Task owner YAML + training script

CLI Reference

Curriculum + DR

unilab.dr + task-side providers

Domain Randomization for Real-World Transfer

Cross-backend sanity

--task <task> --sim <other_backend>

Backend Swap

ONNX export

Training playback scripts + deploy helpers

ONNX Runtime

Latency / obs lag

Task config flags and deploy-side logs

Latency Budget

Safety layer

Hardware-side clamp / fallback

Hardware Safety Layers

Robot bringup

Robot-specific guides

G1 Whole-Body Motion Tracking on Hardware, Go2 / Go2W Locomotion Deployment, Allegro / Sharpa In-Hand Manipulation Deployment

What you should have before starting

Pre-flight checklist

  1. A converged training run with stable reward AND a stable success criterion (motion tracking error, drop count, etc.).

  2. The same policy passes evaluation in both MuJoCo and Motrix when both support the task — if not, you have a backend-dependent reward leak; see Reward Parity Across Backends.

  3. Domain randomization ranges large enough that reward varies smoothly when you sweep DR strength — a brittle policy in sim is a brittle policy on hardware.

  4. No backend feature leakage in the env — verify via the developer guide’s Backend Capability Contract.

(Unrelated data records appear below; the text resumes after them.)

theorem corollary3p4:
  fixes K :: "'v::real_vector set" and u a :: 'v
  assumes "positive_cone K"
    and "u \<in> K" and "u \<noteq> 0"
    and "generates K u"
    and "order_determining K u"
    and "unrestricted K u"
    and "a \<in> effects K u"
  shows "repeatable K u a \<longleftrightarrow> a = 0 \<or> (\<exists>s\<in>states K u. s a = 1)"
proof -
  interpret interval_effect_algebra K u
    using assms(1,2) by unfold_locales
  show ?thesis
  proof
    assume "repeatable K u a"
    then show "a = 0 \<or> (\<exists>s\<in>states K u. s a = 1)"
      using order_determining_imp_state_pos[OF assms(5,7)] repeatable_imp_state_eq_1 assms(7)
      by force
  next
    obtain t where "t \<in> states K u"
      using order_determining_imp_state_pos[OF assms(5) unit_effect assms(3)] by blast
    then show "repeatable K u a" if "a = 0 \<or> (\<exists>s\<in>states K u. s a = 1)"
      using that repeatable_zero state_eq_1_imp_repeatable[OF assms(7)] by blast
  qed
qed

end
lemma wave_winding_sum_le_one:
  assumes conv: "convex_position k b" and k: "3 \<le> k" and e: "0 \<le> eps" "eps \<le> 1/2"
    and z: "\<And>p q. p \<in> wave_points k eps b \<Longrightarrow> q \<in> wave_points k eps b \<Longrightarrow> z \<notin> closed_segment p q"
  shows "Re (\<Sum>i<k. winding_number (wave_path k eps b i) z) \<le> 1"
proof -
  define B where "B = vtx k b"
  define C where "C = vtx k (gtm_step k eps b)"
  have gB: "\<And>i i'. z \<notin> closed_segment (B i) (B i')"
    and gC: "\<And>i i'. z \<notin> closed_segment (C i) (C i')"
    and gBC: "\<And>p q. p \<in> range B \<union> range C \<Longrightarrow> q \<in> range B \<union> range C \<Longrightarrow> z \<notin> closed_segment p q"
    using z unfolding B_def C_def wave_points_def by blast+
  have "B k = B 0" "C k = C 0" by (simp_all add: B_def C_def vtx_def)
  then have "(\<Sum>i<k. winding_number (wave_path k eps b i) z) =
      (\<Sum>i<k. triangle_winding (B 0) (B i) (B (Suc i)) z)
      - (\<Sum>i<k. triangle_winding (C 0) (C i) (C (Suc i)) z)"
    using ladder_winding_sum[of B k C, OF _ _ gBC] polygon_winding_fan[of B k, OF _ gB]
      polygon_winding_fan[of C k, OF _ gC]
    by (simp add: wave_path_def B_def C_def)
  moreover have "Re (\<Sum>i<k. triangle_winding (B 0) (B i) (B (Suc i)) z) \<le> 1"
    using convex_position_orient_nonneg_cyclic[OF conv, of 0] gB
    by (intro fan_winding_le_one) (simp_all add: B_def)
  moreover have "0 \<le> Re (\<Sum>i<k. triangle_winding (C 0) (C i) (C (Suc i)) z)"
    using gtm_step_fan_nonneg[OF conv k e] gC by (intro fan_winding_nonneg) (simp_all add: C_def)
  ultimately show ?thesis by simp
qed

  5. An observation spec you can implement on hardware. If your policy reads body_lin_vel, you need a deploy-side estimator or a task owner variant that removes that signal from the actor input.

The most common failure modes

  • Observation drift. Sensor pre-processing differs between sim and deploy runtime (units, frame, filter cutoffs). Log the first deploy-side observation window and compare it with a sim rollout built from the same owner YAML.

  • Action latency. Some task configs expose one-step delayed action execution through control_config.simulate_action_latency. Measure the deploy loop and make the training owner match that contract before a hardware run. See Latency Budget.

  • Friction / damping mismatch. Especially for in-hand manipulation. Sweep friction in DR; cross-check via Aligning Contact and Friction Between Backends.

  • Reset transients. Sim resets to a stable pose; deployment starts from a controller state. The safety layer must reject malformed observations and unsafe actions before they reach the motor driver.